# Heizkessel Master und Slave nach Betriebsstunden umschalten



## Flokki (13 Februar 2018)

Guten Morgen,

ich habe ein paar Fragen zum Thema Siemens LOGO. für eine Heizzentrale, bestehend aus 3Kesseln suche ich eine Möglichkeit die Kesselfreigabe über Betriebsstunden zu zählen. Einer der Kessel besitzt eine SPS aus dem Hause B&R. Alle drei Kessel haben die Möglichkeit die Betriebsstunden und ein Kesselfreigabesignal zu senden/empfangen.

Der Heizungsbauer hatte mir die Information gegeben, mit Hilfe des SPS-Steuerungsmodul Siemens LOGO! 0BA6 24C6ED1052-1CC01-0BA6 24 V/DC folgende Möglichkeiten der übergeordneten Regelung zu realisieren.

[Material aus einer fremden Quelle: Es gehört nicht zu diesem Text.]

lemma absorb_prob_ratio_bound:
  "absorb_prob m pH f g m * absorb_prob m pL f g 1
      \<le> gamma pH pL ^ (m - 2) * absorb_prob m pH f g 1 * absorb_prob m pL f g m \<and>
   (m \<ge> 4 \<longrightarrow> absorb_prob m pH f g 1 \<noteq> 0 \<longrightarrow> absorb_prob m pH f g m \<noteq> 0 \<longrightarrow>
    absorb_prob m pL f g 1 \<noteq> 0 \<longrightarrow> absorb_prob m pL f g m \<noteq> 0 \<longrightarrow>
    absorb_prob m pH f g m * absorb_prob m pL f g 1
      < gamma pH pL ^ (m - 2) * absorb_prob m pH f g 1 * absorb_prob m pL f g m)"
proof -
  have ends: "1 \<in> {1..m}" "m \<in> {1..m}" using H.one_less_m by auto
  have occupation_ends: "H.occupation 1 = absorb_prob m pH f g 1" "H.occupation m = absorb_prob m pH f g m"
    "L.occupation 1 = absorb_prob m pL f g 1" "L.occupation m = absorb_prob m pL f g m"
    by (simp_all add: H.occupation_def L.occupation_def)
  show ?thesis
  proof (cases "L.occupation 1 = 0 \<or> L.occupation m = 0")
    case True
    hence "(absorb_prob m pH f g 1 = 0 \<and> absorb_prob m pL f g 1 = 0) \<or>
        (absorb_prob m pH f g m = 0 \<and> absorb_prob m pL f g m = 0)"
      using occupation_same_support[OF ends(1)] occupation_same_support[OF ends(2)]
      unfolding occupation_ends by blast
    thus ?thesis by auto
  next
    case False
    interpret ratio: occupation_ratio m g H.occupation L.occupation "kernel pH f" "kernel pL f"
      "Min (range (\<lambda>s. pH s / pL s))" "Max (range (\<lambda>s. pH s / pL s))"
    proof
      show "0 < L.occupation 1" "0 < L.occupation m"
        using False L.occupation_nonneg[OF ends(1)] L.occupation_nonneg[OF ends(2)] by simp_all
      show "0 \<le> kernel pL f i j \<and> Min (range (\<lambda>s. pH s / pL s)) * kernel pL f i j \<le> kernel pH f i j
          \<and> kernel pH f i j \<le> Max (range (\<lambda>s. pH s / pL s)) * kernel pL f i j"
        if "i \<in> {1<..<m}" and "j \<in> {1..m}" for i j
        using that L.kernel_nonneg transition_nonneg
          kernel_likelihood_ratio_bounds[OF signal_dist_L, of f i j pH] by simp
    qed (use H.one_less_m likelihood_ratio_bounds[OF signal_dist_H signal_dist_L distinct_signals]
           H.init_nonneg H.init_sum H.occupation_nonneg L.occupation_nonneg occupation_same_support
           H.occupation_cut_balance L.occupation_cut_balance in auto)
    have "ratio.\<gamma> = gamma pH pL" by (simp add: ratio.\<gamma>_def gamma_def)
    thus ?thesis using ratio.ratio_bound unfolding occupation_ends by auto
  qed
qed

1.) automatische Auswahl von Masterkessel und Slavekessel1 + Slavekessel 2 nach Betriebsstunden

Dabei soll die Logo die Freigabesignale wie folgt geben:

a) Kessel 1 dann Kessel 2 dann Kessel 3
b) Kessel 2 dann Kessel 3 dann Kessel 1
c) Kessel 3 dann Kessel 2 dann Kessel 1

Kann der Siemens Regelbaustein dies so realisieren? Hört sich für mich erst einmal sehr einfach an!
Wie aufwändig wäre eine Programmierung des Steuerungsmoduls Siemens Logo!
Benötigt man hierzu eine zusätzliche Software?

Wie Ihr sicherlich bemerkt habt bin ich auf diesem Gebiet absoluter Leihe. Wäre euch für eure Unterstützung dankbar.

LG Florian


----------



## acid (13 Februar 2018)

Und wie senden deine Kessel ihre Betriebsstunden? Impuls jede Stunde?

Die Externe Freigabe würde ich über eine Logo! mit Relaisausgängen machen, da diese Potentialfrei sein muss. 
Welche Versorgungsspannung steht denn für die Logo zur Verfügung?


----------



## Flokki (13 Februar 2018)

Und wie senden deine Kessel ihre Betriebsstunden? Impuls jede Stunde?

- Sowohl bei der SPS4000 als auch bei der H3000 muss die LOGO die Zeitmitzählen.
  Dafür erhält Sie einen potentialfreien Kontakt, der geschlossen ist, sobald die Betriebsstunden zu zählen sind. (24V bzw. auch 230V möglich)

Die Externe Freigabe würde ich über eine Logo! mit Relaisausgängen machen, da diese Potentialfrei sein muss. 

- Die LOGO soll den pot. freien Kontakt der Kesselregelungen schalten ( 24V)


Für die Versorgungsspannung soll ein Netzgerät genutzt werden. Hutschienen-Netzteil (DIN-Rail) Siemens LOGO!Power 24V/4 A 24 V/DC 4 A 96 W 1 x


----------



## noel213 (13 Februar 2018)

Flokki schrieb:


> Wie Ihr sicherlich bemerkt habt bin ich auf diesem Gebiet absoluter Leihe. Wäre euch für eure Unterstützung dankbar.



Was sagt Siemens dazu? Das ist die erste Adresse die ich anlaufen würde bei Unklarheiten.


----------



## Flokki (14 Februar 2018)

Danke Noel213. Manchmal ist man ein wenig blind!!!

Habe nun einen Kontakt bei Siemens.


----------